A lot of bots are sending this link to me on twitter, and obviously it must be something malicious. Can someone explain in a detailed manner that what does this link do and what is the vulnerability here?

This is the link:

enter image description here

It sets up and sends some variables to youtube then logs me out and then sends me to a bitly shortened link: hxxp://bitly.com/2vK4Fga#1007310965585731584

I unshortened it and it came back with this :


The site is a Chinese search engine! When I clicked on this link on my VM, it went to this website: hxxp://www.twitob.com/ which is some sort of gaining twitter follower site.

What is this link doing? I get that its setting some variables like ilo or ils and stuff, but I don't know what are they and why set them to these specific values? What are these variables?

I also found a report on a similar thing to this :


but not sure if they are the same vulnerability or not, and that report doesn't explain anything.

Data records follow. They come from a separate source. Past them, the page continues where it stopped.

(* Let $\Gamma=([n],E)$ be a connected simple graph and let $M\subseteq[n]$ be a subset of maximal cardinality such that the induced subgraph $\Gamma|_M$ is isomorphic to the path $L_{|M|}$. Then for every integer $k\ge|M|$, $\Psi^k_q(\Gamma^{\mathbf 1})=\Psi^{|M|-1}_q(\Gamma^{\mathbf 1})$.
   Context: $L_r$ is the path graph on $r$ vertices. Decorated graphs: a decorated graph $\Gamma^w=(V,E,w)$ is a finite simple graph with $w:E\to\{1,2,\dots\}$; $\Gamma^{\mathbf 1}$ is $\Gamma$ with $w\equiv1$. For $S\subseteq V$: $\Gamma^w|_S$ is the induced decorated subgraph on $S$; $\Gamma^w/S$ is the decorated graph on $V\setminus S$ with an edge $uv$ whenever $\Gamma$ has a path from $u$ to $v$ with all internal vertices in $S$ (a direct edge counting as a path without internal vertices), decorated by the minimum over such paths of the sum of decorations along it. For an integer $m\ge0$, $\mathrm{pr}_m$ deletes all edges of decoration $>m$. Let $\mathcal{G}^{W,m}$ be the Hopf algebra spanned by isomorphism classes of decorated graphs (graded by number of vertices), with product disjoint union and coproduct $\Delta_m(\Gamma^w)=\sum_{S\subseteq V}\mathrm{pr}_m(\Gamma^w|_S)\otimes\mathrm{pr}_m(\Gamma^w/S)$. Let $\zeta_q(\Gamma^w)=q^{|V|-c(\Gamma)}$, $c$ = number of connected components. For $\alpha=(\alpha_1,\dots,\alpha_k)\models n$, $M_\alpha=\sum_{i_1<\cdots<i_k}x_{i_1}^{\alpha_1}\cdots x_{i_k}^{\alpha_k}$. Define $\Psi^m_q(\Gamma^w)=\sum_{\alpha\models n}(\zeta_q)_\alpha(\Gamma^w)M_\alpha$ with $(\zeta_q)_\alpha=\zeta_q^{\otimes k}\circ(p_{\alpha_1}\otimes\cdots\otimes p_{\alpha_k})\circ\Delta_m^{(k-1)}$ ($p_i$ projection to degree $i$, $\Delta_m^{(k-1)}$ iterated coproduct), i.e. the unique morphism of combinatorial Hopf algebras $(\mathcal{G}^{W,m},\zeta_q)\to(\mathcal{Q}Sym,\zeta)$. *)

theory Defs
  imports Main
begin

text \<open>A decorated graph is a pair (V, w): a finite vertex set V of naturals and a
 symmetric weight function w, where w u v = 0 means "no edge" and w u v \<ge> 1 is the
 decoration of the edge uv.\<close>

type_synonym dgraph = "nat set \<times> (nat \<Rightarrow> nat \<Rightarrow> nat)"

definition dg_restrict :: "nat set \<Rightarrow> dgraph \<Rightarrow> dgraph" where
  "dg_restrict S G = (S, \<lambda>u v. if u \<in> S \<and> v \<in> S then snd G u v else 0)"

definition path_in :: "dgraph \<Rightarrow> nat set \<Rightarrow> nat \<Rightarrow> nat \<Rightarrow> nat list \<Rightarrow> bool" where
  "path_in G S u v p \<longleftrightarrow> length p \<ge> 2 \<and> hd p = u \<and> last p = v \<and> distinct p \<and>
     set p \<subseteq> fst G \<and>
     (\<forall>i < length p - 1. snd G (p ! i) (p ! Suc i) > 0) \<and>
     (\<forall>i. 0 < i \<and> i < length p - 1 \<longrightarrow> p ! i \<in> S)"

definition path_weight :: "dgraph \<Rightarrow> nat list \<Rightarrow> nat" where
  "path_weight G p = (\<Sum>i < length p - 1. snd G (p ! i) (p ! Suc i))"

definition dg_contract :: "nat set \<Rightarrow> dgraph \<Rightarrow> dgraph" where
  "dg_contract S G = (fst G - S, \<lambda>u v.
     if u \<in> fst G - S \<and> v \<in> fst G - S \<and> u \<noteq> v \<and> (\<exists>p. path_in G S u v p)
     then (LEAST c. \<exists>p. path_in G S u v p \<and> path_weight G p = c) else 0)"

definition dg_pr :: "nat \<Rightarrow> dgraph \<Rightarrow> dgraph" where
  "dg_pr m G = (fst G, \<lambda>u v. if snd G u v \<le> m then snd G u v else 0)"

definition dg_adj :: "dgraph \<Rightarrow> (nat \<times> nat) set" where
  "dg_adj G = {(x, y). x \<in> fst G \<and> y \<in> fst G \<and> snd G x y > 0}"

definition ncomp :: "dgraph \<Rightarrow> nat" where
  "ncomp G = card (fst G // ((dg_adj G)\<^sup>*))"

definition zeta_q :: "'a::comm_ring_1 \<Rightarrow> dgraph \<Rightarrow> 'a" where
  "zeta_q q G = q ^ (card (fst G) - ncomp G)"

text \<open>(zeta_q)_alpha computed with the coproduct Delta_m, iterating as
 Delta^(k-1) = (id \<otimes> Delta^(k-2)) \<circ> Delta_m; the empty composition gives the counit.\<close>
fun zeta_comp :: "nat \<Rightarrow> 'a::comm_ring_1 \<Rightarrow> nat list \<Rightarrow> dgraph \<Rightarrow> 'a" where
  "zeta_comp m q [] G = (if fst G = {} then 1 else 0)"
| "zeta_comp m q (a # as) G =
     (\<Sum>S \<in> {S. S \<subseteq> fst G \<and> card S = a}.
        zeta_q q (dg_pr m (dg_restrict S G)) * zeta_comp m q as (dg_pr m (dg_contract S G)))"

definition is_composition :: "nat list \<Rightarrow> nat \<Rightarrow> bool" where
  "is_composition \<alpha> n \<longleftrightarrow> (\<forall>a \<in> set \<alpha>. a > 0) \<and> sum_list \<alpha> = n"

text \<open>Psi^m_q(G), represented by its coefficient vector in the monomial basis M_alpha
 of QSym (the M_alpha are linearly independent).\<close>
definition Psi :: "nat \<Rightarrow> 'a::comm_ring_1 \<Rightarrow> dgraph \<Rightarrow> nat list \<Rightarrow> 'a" where
  "Psi m q G \<alpha> = (if is_composition \<alpha> (card (fst G)) then zeta_comp m q \<alpha> G else 0)"

definition one_graph :: "nat \<Rightarrow> (nat \<Rightarrow> nat \<Rightarrow> bool) \<Rightarrow> dgraph" where
  "one_graph n E = ({1..n}, \<lambda>u v. if u \<in> {1..n} \<and> v \<in> {1..n} \<and> E u v then 1 else 0)"

definition simple_graph_on :: "nat set \<Rightarrow> (nat \<Rightarrow> nat \<Rightarrow> bool) \<Rightarrow> bool" where
  "simple_graph_on V E \<longleftrightarrow> (\<forall>u\<in>V. \<forall>v\<in>V. E u v \<longrightarrow> E v u) \<and> (\<forall>u\<in>V. \<not> E u u)"

definition connected_on :: "nat set \<Rightarrow> (nat \<Rightarrow> nat \<Rightarrow> bool) \<Rightarrow> bool" where
  "connected_on V E \<longleftrightarrow> V \<noteq> {} \<and>
     (\<forall>u\<in>V. \<forall>v\<in>V. (u, v) \<in> {(x, y). x \<in> V \<and> y \<in> V \<and> E x y}\<^sup>*)"

definition path_graph_edge :: "nat \<Rightarrow> nat \<Rightarrow> bool" where
  "path_graph_edge i j \<longleftrightarrow> j = i + 1 \<or> i = j + 1"

definition induced_path :: "(nat \<Rightarrow> nat \<Rightarrow> bool) \<Rightarrow> nat set \<Rightarrow> bool" where
  "induced_path E M \<longleftrightarrow> (\<exists>f. bij_betw f {1..card M} M \<and>
     (\<forall>i\<in>{1..card M}. \<forall>j\<in>{1..card M}. E (f i) (f j) \<longleftrightarrow> path_graph_edge i j))"

end

theory Submission
  imports Defs
begin

(* Every graph occurring as a right tensor factor of an iterated coproduct of Gamma^1 is a
   contraction Gamma^1/A, whose decoration of uv is the number of edges of a shortest walk in
   Gamma from u to v with interior in A; contracting such a graph once more stays of this form.
   A shortest walk has no chords, so it spans an induced path of Gamma and has at most |M|
   vertices. Hence all decorations, also those of the restrictions, are at most |M| - 1, so
   pr_m acts as the identity throughout the computation of (zeta_q)_alpha for every
   m >= |M| - 1. *)

fun walk_via :: "dgraph \<Rightarrow> nat set \<Rightarrow> nat list \<Rightarrow> bool" where
  "walk_via G X [] = False"
| "walk_via G X [x] = False"
| "walk_via G X [x, y] \<longleftrightarrow> x \<in> fst G \<and> y \<in> fst G \<and> 0 < snd G x y"
| "walk_via G X (x # y # z # r) \<longleftrightarrow>
     x \<in> fst G \<and> 0 < snd G x y \<and> y \<in> X \<and> walk_via G X (y # z # r)"

fun walk_weight :: "dgraph \<Rightarrow> nat list \<Rightarrow> nat" where
  "walk_weight G (x # y # r) = snd G x y + walk_weight G (y # r)"
| "walk_weight G _ = 0"

lemma walk_via_length: "walk_via G X p \<Longrightarrow> 2 \<le> length p"
  by (induction G X p rule: walk_via.induct) auto

lemma walk_via_subset: "walk_via G X p \<Longrightarrow> set p \<subseteq> fst G"
  by (induction G X p rule: walk_via.induct) auto

lemma walk_via_mono: "walk_via G X p \<Longrightarrow> X \<subseteq> Y \<Longrightarrow> walk_via G Y p"
  by (induction G X p rule: walk_via.induct) auto

lemma walk_via_empty: "walk_via G {} p \<Longrightarrow> length p = 2"
  by (induction G "{} :: nat set" p rule: walk_via.induct) auto

lemma walk_weight_pos: "walk_via G X p \<Longrightarrow> 0 < walk_weight G p"
  by (induction G X p rule: walk_via.induct) auto

lemma walk_via_Cons_Cons:
  "walk_via G X (x # y # r) \<longleftrightarrow>
     x \<in> fst G \<and> 0 < snd G x y \<and> (if r = [] then y \<in> fst G else y \<in> X \<and> walk_via G X (y # r))"
  by (cases r) auto

lemma all_interior_nth_Cons:
  "(\<forall>i. 0 < i \<and> i < Suc m \<longrightarrow> (x # q) ! i \<in> X) \<longleftrightarrow> (\<forall>i < m. q ! i \<in> X)"
  by (metis Suc_less_eq gr0_conv_Suc nth_Cons_Suc zero_less_Suc)

lemma walk_via_iff_nth:
  "walk_via G X p \<longleftrightarrow> 2 \<le> length p \<and> set p \<subseteq> fst G \<and>
     (\<forall>i < length p - 1. 0 < snd G (p ! i) (p ! Suc i)) \<and>
     (\<forall>i. 0 < i \<and> i < length p - 1 \<longrightarrow> p ! i \<in> X)"
proof (induction G X p rule: walk_via.induct)
  case (3 G X x y)
  then show ?case by (auto simp: less_Suc_eq)
next
  case (4 G X x y z r)
  then show ?case
    by (simp only: all_interior_nth_Cons length_Cons diff_Suc_1 All_less_Suc2)
      (auto simp: all_interior_nth_Cons)
qed auto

One more weird thing is that usually I can easily unshorten the twitter's t.co links, but when I unshorten the t.co link that twitter gave me for these links, it turned into this no matter which website i used :


But you can clearly see that the actual link is something way different, what is going on?

  • Obfuscation? The more layers it have, the more difficult is to search engines and humans to detect what is going on.
    – ThoriumBR
    Commented Aug 23, 2018 at 13:06
  • The variables in the links are up to each service. You would have to know what the service uses those variables for.
    – schroeder
    Commented Aug 23, 2018 at 13:29
  • @schroeder so how can i know? people who made this link obviously knew, but how did they know and why they are setting them to these specific values?
    – AlenT
    Commented Aug 23, 2018 at 13:52
  • It could be as simple as looking at the requests back and forth from the service and playing with the variables.
    – schroeder
    Commented Aug 23, 2018 at 14:19
  • 1
    For example, gmail used to have a variable called shva=1 which meant "should have validated already"
    – schroeder
    Commented Aug 23, 2018 at 14:26

1 Answer 1


I'm not going to click on that URL but what it appears to do is:

  • You can only see the beginning, it looks OK and possibly important to you.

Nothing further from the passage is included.